(* For every $n\ge2$: - the total number of pairs $(T,\ell)$ with $T$ a binary tree on $n$ vertices and $\ell$ a leaf of $T$ is $\binom{2n-2}{n-1}$; - the total, over these pairs, of the distance from the root to $\ell$ is $4^{n-1}-\binom{2n-2}{n-1}$. Hence the expected root-to-leaf distance is $$\frac{(2n-2)!!}{(2n-3)!!}-1=\sqrt{\pi n}-1+O\Bigl(\frac1{\sqrt n}\Bigr).$$
   Context: Binary trees are rooted trees in which every vertex has at most one left child and at most one right child, so a single child is designated left or right. The size is the number of vertices, and a leaf is a vertex with no children. The double factorials are $(2m)!!=2\cdot4\cdots(2m)$ and $(2m-1)!!=1\cdot3\cdots(2m-1)$. *)

theory Defs
  imports Complex_Main "HOL-Library.Landau_Symbols"
begin

text \<open>Binary trees: every vertex has an optional left and an optional right child.
  BEmpty is the empty (absent) subtree; BNode l r is a vertex with left subtree l
  and right subtree r.\<close>
datatype btree = BEmpty | BNode btree btree

fun nverts :: "btree \<Rightarrow> nat" where
  "nverts BEmpty = 0"
| "nverts (BNode l r) = Suc (nverts l + nverts r)"

definition trees :: "nat \<Rightarrow> btree set" where
  "trees n = {t. nverts t = n}"

text \<open>Vertices are identified by their path from the root (False = go left,
  True = go right); the distance from the root is the length of the path.\<close>
fun leaves :: "btree \<Rightarrow> bool list set" where
  "leaves BEmpty = {}"
| "leaves (BNode l r) =
     (if l = BEmpty \<and> r = BEmpty then {[]}
      else Cons False ` leaves l \<union> Cons True ` leaves r)"

definition tree_leaf_pairs :: "nat \<Rightarrow> (btree \<times> bool list) set" where
  "tree_leaf_pairs n = {(t, p). t \<in> trees n \<and> p \<in> leaves t}"

definition total_leaf_depth :: "nat \<Rightarrow> nat" where
  "total_leaf_depth n = (\<Sum>(t, p)\<in>tree_leaf_pairs n. length p)"

definition expected_leaf_depth :: "nat \<Rightarrow> real" where
  "expected_leaf_depth n = real (total_leaf_depth n) / real (card (tree_leaf_pairs n))"

text \<open>Double factorials (2m)!! and (2m-1)!!.\<close>
definition even_dfact :: "nat \<Rightarrow> nat" where
  "even_dfact m = (\<Prod>i=1..m. 2 * i)"

definition odd_dfact :: "nat \<Rightarrow> nat" where
  "odd_dfact m = (\<Prod>i=1..m. 2 * i - 1)"

end

theory Submission
  imports Defs "HOL-Computational_Algebra.Formal_Power_Series" "HOL-Analysis.Gamma_Function"
begin

text \<open>
  Splitting a binary tree at its root into its two subtrees gives equations for the generating
  functions \<open>C\<close> of trees, \<open>A\<close> of pairs (tree, leaf) and \<open>D\<close> of total leaf depths:
  \<open>C = 1 + X C\<^sup>2\<close>, \<open>A = X (1 + 2 A C)\<close> and \<open>D = 2 X (D + A) C\<close>.
  The series \<open>S = 1 - 2 X C\<close> satisfies \<open>S\<^sup>2 = 1 - 4 X\<close>, so it is \<open>\<surd>(1 - 4 X)\<close>, whose inverse
  is the generating function \<open>B\<close> of the central binomial coefficients. Hence \<open>A = X B\<close> and
  \<open>D = (A - X) / S = X (1 / (1 - 4 X) - B)\<close>, which are the two counting formulas.
  The expected depth is then \<open>4\<^sup>m / (2m choose m) - 1\<close> with \<open>m = n - 1\<close>; this ratio equals
  \<open>(2m)!! / (2m-1)!!\<close>, and the monotone sequences behind Wallis' product squeeze its square
  between \<open>\<pi> m\<close> and \<open>\<pi> (m + 1/2)\<close>.
\<close>

unbundle fps_syntax

section \<open>Recurrences for trees and their leaves\<close>

lemma trees_0: "trees 0 = {BEmpty}"
  unfolding trees_def by (auto elim: nverts.elims)

lemma trees_Suc:
  "trees (Suc n) = (\<lambda>(i, l, r). BNode l r) ` (SIGMA i:{..n}. trees i \<times> trees (n - i))"
proof (intro equalityI subsetI)
  fix t assume "t \<in> trees (Suc n)"
  then obtain l r where "t = BNode l r" and "nverts l + nverts r = n"
    unfolding trees_def by (cases t) auto
  then show "t \<in> (\<lambda>(i, l, r). BNode l r) ` (SIGMA i:{..n}. trees i \<times> trees (n - i))"
    unfolding trees_def by (intro image_eqI[where x = "(nverts l, l, r)"]) auto
qed (auto simp: trees_def)

lemma finite_trees: "finite (trees n)"
proof (induction n rule: less_induct)
  case (less n)
  then show ?case
    by (cases n) (auto simp: trees_0 trees_Suc intro!: finite_imageI finite_SigmaI)
qed

lemma sum_trees_Suc:
  "(\<Sum>t\<in>trees (Suc n). f t) = (\<Sum>i\<le>n. \<Sum>l\<in>trees i. \<Sum>r\<in>trees (n - i). f (BNode l r))"
proof -
  have "inj_on (\<lambda>(i, l, r). BNode l r) (SIGMA i:{..n}. trees i \<times> trees (n - i))"
    by (auto simp: inj_on_def trees_def)
  then have "(\<Sum>t\<in>trees (Suc n). f t)
      = (\<Sum>(i, l, r)\<in>(SIGMA i:{..n}. trees i \<times> trees (n - i)). f (BNode l r))"
    unfolding trees_Suc by (subst sum.reindex) (simp_all add: case_prod_unfold)
  also have "\<dots> = (\<Sum>i\<le>n. \<Sum>(l, r)\<in>trees i \<times> trees (n - i). f (BNode l r))"
    by (subst sum.Sigma) (simp_all add: finite_trees)
  also have "\<dots> = (\<Sum>i\<le>n. \<Sum>l\<in>trees i. \<Sum>r\<in>trees (n - i). f (BNode l r))"
    by (simp add: sum.cartesian_product)
  finally show ?thesis .
qed

lemma finite_leaves: "finite (leaves t)"
  by (induction t) auto

definition leaf_depth_sum :: "btree \<Rightarrow> nat" where
  "leaf_depth_sum t = (\<Sum>p\<in>leaves t. length p)"

lemma sum_Cons_image_Un:
  assumes "finite A" "finite B"
  shows "(\<Sum>p\<in>Cons False ` A \<union> Cons True ` B. f p)
           = (\<Sum>p\<in>A. f (False # p)) + (\<Sum>p\<in>B. f (True # p))"
  using assms by (subst sum.union_disjoint) (auto simp: sum.reindex)

lemma card_leaves_BNode:
  "card (leaves (BNode l r))
     = (if l = BEmpty \<and> r = BEmpty then 1 else card (leaves l) + card (leaves r))"
  using sum_Cons_image_Un[OF finite_leaves finite_leaves, of "\<lambda>_. 1 :: nat" l r] by simp

lemma leaf_depth_sum_BNode:
  "leaf_depth_sum (BNode l r)
     = leaf_depth_sum l + card (leaves l) + leaf_depth_sum r + card (leaves r)"
  by (simp add: leaf_depth_sum_def sum_Cons_image_Un finite_leaves sum_Suc)

lemma tree_leaf_pairs_eq_Sigma: "tree_leaf_pairs n = Sigma (trees n) leaves"
  unfolding tree_leaf_pairs_def by auto

lemma tree_leaf_pairs_0: "tree_leaf_pairs 0 = {}"
  by (simp add: tree_leaf_pairs_def trees_0)

lemma card_tree_leaf_pairs: "card (tree_leaf_pairs n) = (\<Sum>t\<in>trees n. card (leaves t))"
  by (simp add: tree_leaf_pairs_eq_Sigma finite_trees finite_leaves)

lemma total_leaf_depth_eq: "total_leaf_depth n = (\<Sum>t\<in>trees n. leaf_depth_sum t)"
  unfolding total_leaf_depth_def leaf_depth_sum_def tree_leaf_pairs_eq_Sigma
  by (simp add: sum.Sigma finite_trees finite_leaves)

lemma total_leaf_depth_0: "total_leaf_depth 0 = 0"
  by (simp add: total_leaf_depth_def tree_leaf_pairs_0)

lemma card_trees_Suc: "card (trees (Suc n)) = (\<Sum>i\<le>n. card (trees i) * card (trees (n - i)))"
  using sum_trees_Suc[of "\<lambda>_. 1 :: nat" n] by simp

lemma sum_sum_add_eq:
  fixes f g :: "'a \<Rightarrow> nat"
  assumes "finite A" "finite B"
  shows "(\<Sum>x\<in>A. \<Sum>y\<in>B. f x + g y) = card B * sum f A + card A * sum g B"
  using assms by (simp add: sum.distrib flip: sum_distrib_left)

lemma card_tree_leaf_pairs_Suc:
  "card (tree_leaf_pairs (Suc n)) = (if n = 0 then 1 else
     \<Sum>i\<le>n. card (tree_leaf_pairs i) * card (trees (n - i))
            + card (trees i) * card (tree_leaf_pairs (n - i)))"
proof (cases "n = 0")
  case True
  then show ?thesis
    by (simp add: card_tree_leaf_pairs sum_trees_Suc trees_0)
next
  case False
  have "card (leaves (BNode l r)) = card (leaves l) + card (leaves r)"
    if "l \<in> trees i" "r \<in> trees (n - i)" "i \<le> n" for l r i
    using False that by (auto simp: card_leaves_BNode trees_def simp del: leaves.simps)
  then have "card (tree_leaf_pairs (Suc n))
      = (\<Sum>i\<le>n. \<Sum>l\<in>trees i. \<Sum>r\<in>trees (n - i). card (leaves l) + card (leaves r))"
    unfolding card_tree_leaf_pairs sum_trees_Suc by (intro sum.cong refl) auto
  also have "\<dots> = (\<Sum>i\<le>n. card (tree_leaf_pairs i) * card (trees (n - i))
                             + card (trees i) * card (tree_leaf_pairs (n - i)))"
    by (intro sum.cong refl) (simp add: sum_sum_add_eq finite_trees card_tree_leaf_pairs mult.commute)
  finally show ?thesis
    using False by simp
qed

lemma total_leaf_depth_Suc:
  "total_leaf_depth (Suc n) =
     (\<Sum>i\<le>n. (total_leaf_depth i + card (tree_leaf_pairs i)) * card (trees (n - i))
            + card (trees i) * (total_leaf_depth (n - i) + card (tree_leaf_pairs (n - i))))"
  unfolding total_leaf_depth_eq card_tree_leaf_pairs sum_trees_Suc
proof (intro sum.cong refl)
  fix i
  have "(\<Sum>l\<in>trees i. \<Sum>r\<in>trees (n - i). leaf_depth_sum (BNode l r))
      = (\<Sum>l\<in>trees i. \<Sum>r\<in>trees (n - i).
           (leaf_depth_sum l + card (leaves l)) + (leaf_depth_sum r + card (leaves r)))"
    by (simp only: leaf_depth_sum_BNode add.assoc)
  also have "\<dots> = card (trees (n - i)) * (\<Sum>t\<in>trees i. leaf_depth_sum t + card (leaves t))
      + card (trees i) * (\<Sum>t\<in>trees (n - i). leaf_depth_sum t + card (leaves t))"
    by (rule sum_sum_add_eq) (simp_all add: finite_trees)
  finally show "(\<Sum>l\<in>trees i. \<Sum>r\<in>trees (n - i). leaf_depth_sum (BNode l r))
      = ((\<Sum>t\<in>trees i. leaf_depth_sum t) + (\<Sum>t\<in>trees i. card (leaves t))) * card (trees (n - i))
        + card (trees i) * ((\<Sum>t\<in>trees (n - i). leaf_depth_sum t)
                            + (\<Sum>t\<in>trees (n - i). card (leaves t)))"
    by (simp add: sum.distrib mult.commute)
qed

section \<open>Generating functions\<close>

definition tree_gf :: "real fps" where
  "tree_gf = Abs_fps (\<lambda>n. real (card (trees n)))"

definition leaf_gf :: "real fps" where
  "leaf_gf = Abs_fps (\<lambda>n. real (card (tree_leaf_pairs n)))"

definition depth_gf :: "real fps" where
  "depth_gf = Abs_fps (\<lambda>n. real (total_leaf_depth n))"

lemma fps_X_mult_eqI:
  fixes f g :: "'a::{comm_monoid_add,mult_zero,monoid_mult} fps"
  assumes "f $ 0 = 0" "\<And>n. f $ Suc n = g $ n"
  shows "f = fps_X * g"
  using assms by (intro fps_ext) (auto simp: gr0_conv_Suc)

lemma tree_gf_eq: "tree_gf = 1 + fps_X * tree_gf ^ 2"
proof -
  have "tree_gf - 1 = fps_X * tree_gf ^ 2"
    by (rule fps_X_mult_eqI)
      (simp_all add: tree_gf_def trees_0 card_trees_Suc power2_eq_square fps_mult_nth atLeast0AtMost)
  then show ?thesis by (simp add: algebra_simps)
qed

lemma leaf_gf_eq: "leaf_gf = fps_X * (1 + leaf_gf * tree_gf + tree_gf * leaf_gf)"
  by (rule fps_X_mult_eqI) (unfold fps_add_nth fps_mult_nth,
      simp_all add: leaf_gf_def tree_gf_def card_tree_leaf_pairs_Suc tree_leaf_pairs_0
      atLeast0AtMost sum.distrib)

lemma depth_gf_eq:
  "depth_gf = fps_X * ((depth_gf + leaf_gf) * tree_gf + tree_gf * (depth_gf + leaf_gf))"
  by (rule fps_X_mult_eqI) (unfold fps_add_nth fps_mult_nth,
      simp_all add: depth_gf_def leaf_gf_def tree_gf_def total_leaf_depth_Suc total_leaf_depth_0
      atLeast0AtMost sum.distrib)

definition central_binomial_gf :: "real fps" where
  "central_binomial_gf = Abs_fps (\<lambda>n. real ((2 * n) choose n))"

definition geometric_gf :: "real fps" where
  "geometric_gf = Abs_fps (\<lambda>n. 4 ^ n)"

lemma geometric_gf_mult: "(1 - 4 * fps_X) * geometric_gf = 1"
proof (rule fps_ext)
  fix n show "((1 - 4 * fps_X) * geometric_gf) $ n = 1 $ n"
    by (cases n) (simp_all add: geometric_gf_def numeral_fps_const algebra_simps)
qed

lemma Suc_mult_central_binomial:
  "Suc n * ((2 * Suc n) choose Suc n) = (4 * n + 2) * ((2 * n) choose n)"
proof -
  have "Suc n * (Suc (Suc (2 * n)) choose Suc n) = Suc (Suc (2 * n)) * (Suc (2 * n) choose n)"
    by (rule Suc_times_binomial)
  then have A: "Suc n * ((2 * Suc n) choose Suc n) = 2 * (Suc n * (Suc (2 * n) choose n))"
    by simp
  have "(Suc (2 * n) - n) * (Suc (2 * n) choose n) = Suc (2 * n) * ((2 * n) choose n)"
    using binomial_absorb_comp[of "Suc (2 * n)" n] by simp
  then have B: "Suc n * (Suc (2 * n) choose n) = Suc (2 * n) * ((2 * n) choose n)"
    by (simp add: Suc_diff_le)
  show ?thesis
    unfolding A B by simp
qed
┄┄┄┄┄┄
Your assignment » Going back over the entries above, copy word for word every line from the one that has "(\<Sum>i\<le>n. (total_leaf_depth i" on through the one that has "i. leaf_depth_sum t + card (leaves t))".

Response box »
     (\<Sum>i\<le>n. (total_leaf_depth i + card (tree_leaf_pairs i)) * card (trees (n - i))
            + card (trees i) * (total_leaf_depth (n - i) + card (tree_leaf_pairs (n - i))))"
  unfolding total_leaf_depth_eq card_tree_leaf_pairs sum_trees_Suc
proof (intro sum.cong refl)
  fix i
  have "(\<Sum>l\<in>trees i. \<Sum>r\<in>trees (n - i). leaf_depth_sum (BNode l r))
      = (\<Sum>l\<in>trees i. \<Sum>r\<in>trees (n - i).
           (leaf_depth_sum l + card (leaves l)) + (leaf_depth_sum r + card (leaves r)))"
    by (simp only: leaf_depth_sum_BNode add.assoc)
  also have "\<dots> = card (trees (n - i)) * (\<Sum>t\<in>trees i. leaf_depth_sum t + card (leaves t))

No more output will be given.